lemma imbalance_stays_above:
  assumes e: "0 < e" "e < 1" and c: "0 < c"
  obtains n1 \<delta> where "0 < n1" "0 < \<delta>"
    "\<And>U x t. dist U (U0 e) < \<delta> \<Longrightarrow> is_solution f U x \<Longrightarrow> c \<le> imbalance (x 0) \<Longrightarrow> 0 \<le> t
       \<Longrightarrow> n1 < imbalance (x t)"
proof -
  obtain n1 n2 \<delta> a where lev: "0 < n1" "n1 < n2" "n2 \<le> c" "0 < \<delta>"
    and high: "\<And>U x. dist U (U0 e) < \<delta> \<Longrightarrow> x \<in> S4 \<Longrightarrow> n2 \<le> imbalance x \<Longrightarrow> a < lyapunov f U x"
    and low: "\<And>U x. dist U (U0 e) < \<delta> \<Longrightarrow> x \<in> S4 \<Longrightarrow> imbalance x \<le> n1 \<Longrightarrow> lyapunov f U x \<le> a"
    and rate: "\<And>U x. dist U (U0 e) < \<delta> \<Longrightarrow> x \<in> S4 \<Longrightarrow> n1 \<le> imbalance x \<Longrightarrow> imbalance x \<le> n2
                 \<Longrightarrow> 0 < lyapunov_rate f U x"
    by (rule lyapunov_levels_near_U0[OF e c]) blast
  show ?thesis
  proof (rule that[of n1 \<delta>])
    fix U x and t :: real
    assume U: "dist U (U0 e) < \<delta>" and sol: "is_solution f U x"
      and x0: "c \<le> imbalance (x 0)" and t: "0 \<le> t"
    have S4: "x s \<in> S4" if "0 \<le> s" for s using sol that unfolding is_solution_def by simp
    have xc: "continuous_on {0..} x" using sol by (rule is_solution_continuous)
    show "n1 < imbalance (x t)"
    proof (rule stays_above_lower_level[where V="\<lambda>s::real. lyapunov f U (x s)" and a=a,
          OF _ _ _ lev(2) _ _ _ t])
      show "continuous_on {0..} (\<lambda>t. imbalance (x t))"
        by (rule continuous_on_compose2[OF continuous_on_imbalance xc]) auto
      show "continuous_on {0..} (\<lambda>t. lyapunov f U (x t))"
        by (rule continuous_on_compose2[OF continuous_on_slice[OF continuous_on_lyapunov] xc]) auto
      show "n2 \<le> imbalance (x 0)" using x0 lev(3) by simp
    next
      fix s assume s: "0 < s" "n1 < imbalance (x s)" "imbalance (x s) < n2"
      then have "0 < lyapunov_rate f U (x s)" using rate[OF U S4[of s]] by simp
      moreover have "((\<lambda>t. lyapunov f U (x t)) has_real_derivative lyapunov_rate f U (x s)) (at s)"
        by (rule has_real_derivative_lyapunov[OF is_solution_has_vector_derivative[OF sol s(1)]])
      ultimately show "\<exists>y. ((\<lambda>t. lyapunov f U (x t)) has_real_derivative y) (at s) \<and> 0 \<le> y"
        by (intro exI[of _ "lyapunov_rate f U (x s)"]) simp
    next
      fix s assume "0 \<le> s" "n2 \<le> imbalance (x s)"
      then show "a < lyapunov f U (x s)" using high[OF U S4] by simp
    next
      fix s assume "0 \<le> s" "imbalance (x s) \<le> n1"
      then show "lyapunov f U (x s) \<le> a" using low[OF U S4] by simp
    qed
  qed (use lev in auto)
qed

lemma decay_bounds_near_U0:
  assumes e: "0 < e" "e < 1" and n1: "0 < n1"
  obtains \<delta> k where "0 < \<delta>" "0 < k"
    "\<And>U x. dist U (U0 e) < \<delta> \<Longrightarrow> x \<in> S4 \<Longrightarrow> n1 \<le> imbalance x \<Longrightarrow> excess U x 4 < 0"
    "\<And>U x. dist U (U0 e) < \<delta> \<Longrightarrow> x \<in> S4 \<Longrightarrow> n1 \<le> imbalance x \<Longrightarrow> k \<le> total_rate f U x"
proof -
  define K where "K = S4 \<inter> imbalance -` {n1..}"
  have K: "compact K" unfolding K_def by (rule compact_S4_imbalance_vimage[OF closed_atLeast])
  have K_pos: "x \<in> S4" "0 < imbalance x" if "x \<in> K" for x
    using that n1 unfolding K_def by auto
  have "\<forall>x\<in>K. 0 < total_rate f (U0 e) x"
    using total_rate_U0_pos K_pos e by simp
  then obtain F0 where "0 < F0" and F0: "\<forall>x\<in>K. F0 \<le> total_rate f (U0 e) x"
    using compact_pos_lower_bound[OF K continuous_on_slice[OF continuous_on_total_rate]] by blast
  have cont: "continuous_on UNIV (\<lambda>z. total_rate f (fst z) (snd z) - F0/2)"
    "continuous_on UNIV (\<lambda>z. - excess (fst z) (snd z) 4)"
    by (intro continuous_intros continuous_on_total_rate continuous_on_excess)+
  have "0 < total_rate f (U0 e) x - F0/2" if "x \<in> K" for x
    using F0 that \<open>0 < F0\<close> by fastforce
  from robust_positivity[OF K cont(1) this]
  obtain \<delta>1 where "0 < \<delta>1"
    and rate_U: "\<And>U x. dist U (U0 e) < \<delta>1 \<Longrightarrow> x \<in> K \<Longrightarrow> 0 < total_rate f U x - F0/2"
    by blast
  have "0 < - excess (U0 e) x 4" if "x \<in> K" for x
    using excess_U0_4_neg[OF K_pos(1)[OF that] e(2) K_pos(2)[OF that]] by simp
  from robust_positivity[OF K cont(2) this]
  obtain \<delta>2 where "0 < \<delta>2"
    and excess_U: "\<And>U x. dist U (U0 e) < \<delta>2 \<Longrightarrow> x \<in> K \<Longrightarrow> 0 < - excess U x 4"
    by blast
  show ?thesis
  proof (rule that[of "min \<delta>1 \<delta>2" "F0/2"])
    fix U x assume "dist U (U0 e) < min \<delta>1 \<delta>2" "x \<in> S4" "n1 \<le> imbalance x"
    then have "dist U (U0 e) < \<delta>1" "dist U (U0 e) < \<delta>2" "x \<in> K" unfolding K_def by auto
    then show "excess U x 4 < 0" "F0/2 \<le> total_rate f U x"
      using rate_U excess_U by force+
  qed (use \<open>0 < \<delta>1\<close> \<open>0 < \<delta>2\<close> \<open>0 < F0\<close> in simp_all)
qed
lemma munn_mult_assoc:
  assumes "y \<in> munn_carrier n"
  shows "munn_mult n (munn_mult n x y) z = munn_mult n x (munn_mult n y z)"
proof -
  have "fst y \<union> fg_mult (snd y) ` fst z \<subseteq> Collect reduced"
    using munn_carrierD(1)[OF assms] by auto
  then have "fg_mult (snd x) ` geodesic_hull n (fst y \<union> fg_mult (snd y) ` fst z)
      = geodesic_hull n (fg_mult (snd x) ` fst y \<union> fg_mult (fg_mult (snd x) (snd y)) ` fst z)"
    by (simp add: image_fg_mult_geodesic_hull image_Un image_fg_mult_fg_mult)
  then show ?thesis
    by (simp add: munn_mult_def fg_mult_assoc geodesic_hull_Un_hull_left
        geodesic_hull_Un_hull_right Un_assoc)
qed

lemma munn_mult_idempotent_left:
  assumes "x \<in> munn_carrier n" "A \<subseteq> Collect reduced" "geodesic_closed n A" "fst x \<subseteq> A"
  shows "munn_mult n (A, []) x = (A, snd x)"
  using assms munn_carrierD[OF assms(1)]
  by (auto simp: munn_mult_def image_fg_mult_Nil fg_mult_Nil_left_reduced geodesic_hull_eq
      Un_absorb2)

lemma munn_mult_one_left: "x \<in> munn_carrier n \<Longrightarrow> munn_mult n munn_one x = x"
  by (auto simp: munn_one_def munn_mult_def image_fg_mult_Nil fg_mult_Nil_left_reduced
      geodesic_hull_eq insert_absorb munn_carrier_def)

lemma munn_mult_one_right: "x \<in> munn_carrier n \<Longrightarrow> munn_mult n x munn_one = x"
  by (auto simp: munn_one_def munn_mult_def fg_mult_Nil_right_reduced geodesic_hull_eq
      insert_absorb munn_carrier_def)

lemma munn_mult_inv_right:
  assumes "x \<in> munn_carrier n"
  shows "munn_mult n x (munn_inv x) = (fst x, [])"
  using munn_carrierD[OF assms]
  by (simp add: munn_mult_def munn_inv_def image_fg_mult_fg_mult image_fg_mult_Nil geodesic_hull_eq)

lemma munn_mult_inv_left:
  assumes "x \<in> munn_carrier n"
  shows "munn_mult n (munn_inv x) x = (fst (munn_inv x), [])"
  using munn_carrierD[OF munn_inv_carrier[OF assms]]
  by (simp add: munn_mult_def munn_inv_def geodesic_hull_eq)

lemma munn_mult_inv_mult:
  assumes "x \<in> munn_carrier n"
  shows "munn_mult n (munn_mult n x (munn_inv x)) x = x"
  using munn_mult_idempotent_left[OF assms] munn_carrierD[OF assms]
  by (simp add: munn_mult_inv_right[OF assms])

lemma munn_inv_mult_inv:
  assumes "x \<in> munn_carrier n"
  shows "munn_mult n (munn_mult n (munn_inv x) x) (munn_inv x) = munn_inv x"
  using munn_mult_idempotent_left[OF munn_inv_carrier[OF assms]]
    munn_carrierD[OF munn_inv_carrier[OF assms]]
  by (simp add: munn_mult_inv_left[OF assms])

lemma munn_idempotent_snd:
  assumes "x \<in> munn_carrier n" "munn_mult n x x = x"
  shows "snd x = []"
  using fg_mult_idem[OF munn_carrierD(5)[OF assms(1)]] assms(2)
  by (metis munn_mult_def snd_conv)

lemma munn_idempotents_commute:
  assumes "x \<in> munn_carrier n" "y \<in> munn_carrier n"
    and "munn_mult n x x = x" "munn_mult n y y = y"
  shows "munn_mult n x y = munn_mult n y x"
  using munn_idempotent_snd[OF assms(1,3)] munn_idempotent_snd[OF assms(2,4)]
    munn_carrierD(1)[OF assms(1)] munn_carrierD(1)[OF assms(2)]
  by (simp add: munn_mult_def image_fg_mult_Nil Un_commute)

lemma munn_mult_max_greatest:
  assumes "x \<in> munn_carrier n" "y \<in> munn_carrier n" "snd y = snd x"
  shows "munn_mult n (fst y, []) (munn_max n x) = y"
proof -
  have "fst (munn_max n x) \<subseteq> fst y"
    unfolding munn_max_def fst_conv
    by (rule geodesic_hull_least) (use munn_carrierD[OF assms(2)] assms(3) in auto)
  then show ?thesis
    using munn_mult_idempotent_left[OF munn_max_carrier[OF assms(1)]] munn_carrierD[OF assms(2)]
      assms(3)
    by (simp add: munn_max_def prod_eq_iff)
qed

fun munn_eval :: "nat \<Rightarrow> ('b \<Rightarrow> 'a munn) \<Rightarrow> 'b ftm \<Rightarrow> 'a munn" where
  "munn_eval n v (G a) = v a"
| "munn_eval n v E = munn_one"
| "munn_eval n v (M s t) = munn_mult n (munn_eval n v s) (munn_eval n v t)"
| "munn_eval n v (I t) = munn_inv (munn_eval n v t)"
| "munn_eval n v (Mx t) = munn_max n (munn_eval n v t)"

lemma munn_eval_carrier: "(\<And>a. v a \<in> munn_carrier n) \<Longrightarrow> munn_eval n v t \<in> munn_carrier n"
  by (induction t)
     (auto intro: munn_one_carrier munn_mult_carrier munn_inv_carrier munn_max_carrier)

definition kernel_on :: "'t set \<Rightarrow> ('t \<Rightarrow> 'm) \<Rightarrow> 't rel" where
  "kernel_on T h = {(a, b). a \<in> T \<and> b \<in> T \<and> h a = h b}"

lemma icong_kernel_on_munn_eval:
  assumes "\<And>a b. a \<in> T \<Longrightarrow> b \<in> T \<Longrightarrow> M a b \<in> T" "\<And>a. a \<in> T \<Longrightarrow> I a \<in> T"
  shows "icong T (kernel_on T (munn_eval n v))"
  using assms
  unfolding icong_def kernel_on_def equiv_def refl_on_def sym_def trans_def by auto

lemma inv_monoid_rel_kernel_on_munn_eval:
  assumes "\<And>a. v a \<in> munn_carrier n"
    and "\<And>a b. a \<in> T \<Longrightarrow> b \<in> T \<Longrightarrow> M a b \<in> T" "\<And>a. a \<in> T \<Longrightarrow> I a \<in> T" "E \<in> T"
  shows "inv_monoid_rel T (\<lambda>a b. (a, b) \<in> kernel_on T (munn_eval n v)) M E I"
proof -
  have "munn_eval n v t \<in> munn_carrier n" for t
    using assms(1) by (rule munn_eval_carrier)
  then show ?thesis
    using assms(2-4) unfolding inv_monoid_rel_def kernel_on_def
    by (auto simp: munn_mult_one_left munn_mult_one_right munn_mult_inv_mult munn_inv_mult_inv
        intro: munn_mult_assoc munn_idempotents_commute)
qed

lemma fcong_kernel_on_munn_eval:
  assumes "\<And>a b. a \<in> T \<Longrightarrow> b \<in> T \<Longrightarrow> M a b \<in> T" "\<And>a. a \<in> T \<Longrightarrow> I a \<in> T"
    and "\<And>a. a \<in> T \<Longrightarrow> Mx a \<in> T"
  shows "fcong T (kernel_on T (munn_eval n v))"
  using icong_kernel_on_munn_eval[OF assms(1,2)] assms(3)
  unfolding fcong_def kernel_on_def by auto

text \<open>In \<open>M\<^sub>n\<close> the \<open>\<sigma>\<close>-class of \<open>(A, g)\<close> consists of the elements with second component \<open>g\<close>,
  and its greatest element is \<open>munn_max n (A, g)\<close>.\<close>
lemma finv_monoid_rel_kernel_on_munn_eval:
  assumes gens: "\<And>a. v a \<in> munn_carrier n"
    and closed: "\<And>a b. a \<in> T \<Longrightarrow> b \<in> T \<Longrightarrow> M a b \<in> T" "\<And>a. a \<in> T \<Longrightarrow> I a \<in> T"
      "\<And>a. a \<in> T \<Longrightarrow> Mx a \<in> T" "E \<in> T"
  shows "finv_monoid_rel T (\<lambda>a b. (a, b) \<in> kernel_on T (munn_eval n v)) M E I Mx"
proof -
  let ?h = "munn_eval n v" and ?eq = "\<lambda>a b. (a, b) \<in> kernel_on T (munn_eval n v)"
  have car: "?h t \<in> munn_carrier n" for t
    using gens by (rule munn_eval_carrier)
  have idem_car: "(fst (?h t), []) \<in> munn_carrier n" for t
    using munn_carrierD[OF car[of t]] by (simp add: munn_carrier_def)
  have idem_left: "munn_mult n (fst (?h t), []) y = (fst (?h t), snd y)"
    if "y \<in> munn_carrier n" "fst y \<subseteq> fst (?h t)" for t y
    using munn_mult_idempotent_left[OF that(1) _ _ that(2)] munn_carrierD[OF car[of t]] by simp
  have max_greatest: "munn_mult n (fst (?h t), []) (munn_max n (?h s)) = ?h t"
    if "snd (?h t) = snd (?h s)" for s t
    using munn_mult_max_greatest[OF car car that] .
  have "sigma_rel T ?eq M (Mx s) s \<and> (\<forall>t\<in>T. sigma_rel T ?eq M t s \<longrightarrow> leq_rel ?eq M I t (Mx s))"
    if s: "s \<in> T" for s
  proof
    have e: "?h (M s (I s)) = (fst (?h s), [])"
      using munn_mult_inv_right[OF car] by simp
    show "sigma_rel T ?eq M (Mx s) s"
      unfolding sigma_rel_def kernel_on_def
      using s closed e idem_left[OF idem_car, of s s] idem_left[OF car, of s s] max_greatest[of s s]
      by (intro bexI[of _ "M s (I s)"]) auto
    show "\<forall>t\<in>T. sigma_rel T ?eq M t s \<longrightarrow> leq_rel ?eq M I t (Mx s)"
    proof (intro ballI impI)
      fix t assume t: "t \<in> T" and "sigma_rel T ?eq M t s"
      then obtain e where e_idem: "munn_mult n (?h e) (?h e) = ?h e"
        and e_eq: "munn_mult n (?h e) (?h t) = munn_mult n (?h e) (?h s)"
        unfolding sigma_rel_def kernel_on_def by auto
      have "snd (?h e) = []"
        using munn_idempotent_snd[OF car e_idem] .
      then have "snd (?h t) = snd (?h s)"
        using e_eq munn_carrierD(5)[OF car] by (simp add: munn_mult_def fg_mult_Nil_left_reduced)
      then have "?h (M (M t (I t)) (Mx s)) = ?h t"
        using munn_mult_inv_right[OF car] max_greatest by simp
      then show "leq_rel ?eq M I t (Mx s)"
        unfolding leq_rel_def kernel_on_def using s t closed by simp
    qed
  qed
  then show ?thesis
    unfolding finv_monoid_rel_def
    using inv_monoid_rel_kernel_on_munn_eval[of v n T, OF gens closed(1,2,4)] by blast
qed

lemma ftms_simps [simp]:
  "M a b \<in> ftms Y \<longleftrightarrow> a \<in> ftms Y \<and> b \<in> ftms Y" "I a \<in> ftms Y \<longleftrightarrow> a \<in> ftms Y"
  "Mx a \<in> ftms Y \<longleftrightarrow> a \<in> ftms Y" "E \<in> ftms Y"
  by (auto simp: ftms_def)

— Work task —
Lines to set down from above: the line with "proof (rule stays_above_lower_level[where", the line with "obtains \<delta> k", and every line between, each exactly as written.

— Solution to the problem —
    proof (rule stays_above_lower_level[where V="\<lambda>s::real. lyapunov f U (x s)" and a=a,
          OF _ _ _ lev(2) _ _ _ t])
      show "continuous_on {0..} (\<lambda>t. imbalance (x t))"
        by (rule continuous_on_compose2[OF continuous_on_imbalance xc]) auto
      show "continuous_on {0..} (\<lambda>t. lyapunov f U (x t))"
        by (rule continuous_on_compose2[OF continuous_on_slice[OF continuous_on_lyapunov] xc]) auto
      show "n2 \<le> imbalance (x 0)" using x0 lev(3) by simp
    next
      fix s assume s: "0 < s" "n1 < imbalance (x s)" "imbalance (x s) < n2"
      then have "0 < lyapunov_rate f U (x s)" using rate[OF U S4[of s]] by simp
      moreover have "((\<lambda>t. lyapunov f U (x t)) has_real_derivative lyapunov_rate f U (x s)) (at s)"
        by (rule has_real_derivative_lyapunov[OF is_solution_has_vector_derivative[OF sol s(1)]])
      ultimately show "\<exists>y. ((\<lambda>t. lyapunov f U (x t)) has_real_derivative y) (at s) \<and> 0 \<le> y"
        by (intro exI[of _ "lyapunov_rate f U (x s)"]) simp
    next
      fix s assume "0 \<le> s" "n2 \<le> imbalance (x s)"
      then show "a < lyapunov f U (x s)" using high[OF U S4] by simp
    next
      fix s assume "0 \<le> s" "imbalance (x s) \<le> n1"
      then show "lyapunov f U (x s) \<le> a" using low[OF U S4] by simp
    qed
  qed (use lev in auto)
qed

lemma decay_bounds_near_U0:
  assumes e: "0 < e" "e < 1" and n1: "0 < n1"
  obtains \<delta> k where "0 < \<delta>" "0 < k"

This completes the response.